[[ Given data open ]]
locale monotone_two_phase =
  fixes u :: "real \<times> real \<Rightarrow> real" and M a b :: real
  assumes cont: "continuous_on B1 u"
    and C2: "C2_on (Omega_plus u \<union> Omega_minus u) u"
    and harm: "harmonic_on (Omega_plus u \<union> Omega_minus u) u"
    and Gamma_ne: "free_boundary u \<noteq> {}"
    and bound: "\<forall>p \<in> Omega_plus u \<union> Omega_minus u. \<bar>px u p\<bar> \<le> M * \<bar>py u p\<bar>"
    and a_unit: "a \<in> {-1, 1}" and b_unit: "b \<in> {-1, 1}"
    and a_sign: "\<forall>p \<in> Omega_plus u \<union> Omega_minus u. a * px u p \<ge> 0"
    and b_sign: "\<forall>p \<in> Omega_plus u \<union> Omega_minus u. b * py u p \<ge> 0"
begin

abbreviation S :: "(real \<times> real) set" where "S \<equiv> Omega_plus u \<union> Omega_minus u"

lemma open_Omega_minus: "open (Omega_minus u)"
proof -
  have "Omega_minus u = B1 \<inter> u -` {..<0}" by (auto simp: Omega_minus_def)
  then show ?thesis using continuous_open_preimage[OF cont open_B1 open_lessThan] by simp
qed

lemma open_S: "open S"
  using open_Omega_plus open_Omega_minus by blast

lemma S_subset_B1: "S \<subseteq> B1"
  using Omega_plus_subset by (auto simp: Omega_minus_def)

lemma nonzero_in_S:
  assumes "p \<in> B1" "u p \<noteq> 0"
  shows "p \<in> S"
proof (cases "u p < 0")
  case True
  then show ?thesis using assms by (auto simp: Omega_minus_def)
next
  case False
  have "B1 \<inter> u -` {0<..} \<subseteq> {p \<in> B1. u p \<ge> 0}" by auto
  moreover have "open (B1 \<inter> u -` {0<..})" by (rule continuous_open_preimage[OF cont open_B1 open_greaterThan])
  ultimately have "B1 \<inter> u -` {0<..} \<subseteq> Omega_plus u"
    unfolding Omega_plus_def by (rule interior_maximal)
  then show ?thesis using assms False by auto
qed

lemma differentiable_at_S:
  assumes "q \<in> S"
  shows "u differentiable (at q)" "px u differentiable (at q)" "py u differentiable (at q)"
  using C2 assms open_S by (auto simp: C2_on_def differentiable_on_eq_differentiable_at)

lemma not_constant: "\<not> (\<forall>p\<in>B1. u p = c)"
  using free_boundary_empty_if_constant Gamma_ne by blast

lemma DERIV_along_line:
  assumes "P + t *\<^sub>R v \<in> S"
  shows "((\<lambda>s. u (P + s *\<^sub>R v)) has_real_derivative
           px u (P + t *\<^sub>R v) * fst v + py u (P + t *\<^sub>R v) * snd v) (at t)"
proof -
  let ?q = "P + t *\<^sub>R v"
  have "((\<lambda>s. P + s *\<^sub>R v) has_derivative (\<lambda>h. h *\<^sub>R v)) (at t)"
    by (auto intro!: derivative_eq_intros)
  from diff_chain_at[OF this has_derivative_gradient[OF differentiable_at_S(1)[OF assms]]]
  have "((\<lambda>s. u (P + s *\<^sub>R v)) has_derivative
          (\<lambda>h. px u ?q * fst (h *\<^sub>R v) + py u ?q * snd (h *\<^sub>R v))) (at t)"
    by (simp add: o_def)
  moreover have "(\<lambda>h. px u ?q * fst (h *\<^sub>R v) + py u ?q * snd (h *\<^sub>R v))
      = (*) (px u ?q * fst v + py u ?q * snd v)"
    by (auto simp: fun_eq_iff algebra_simps)
  ultimately show ?thesis by (simp add: has_field_derivative_def)
qed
[[ Given data closed ]]
Task details> Sift through the material above and copy each line that holds "cont".

Solved exercise>
  assumes cont: "continuous_on B1 u"
  then show ?thesis using continuous_open_preimage[OF cont open_B1 open_lessThan] by simp
  moreover have "open (B1 \<inter> u -` {0<..})" by (rule continuous_open_preimage[OF cont open_B1 open_greaterThan])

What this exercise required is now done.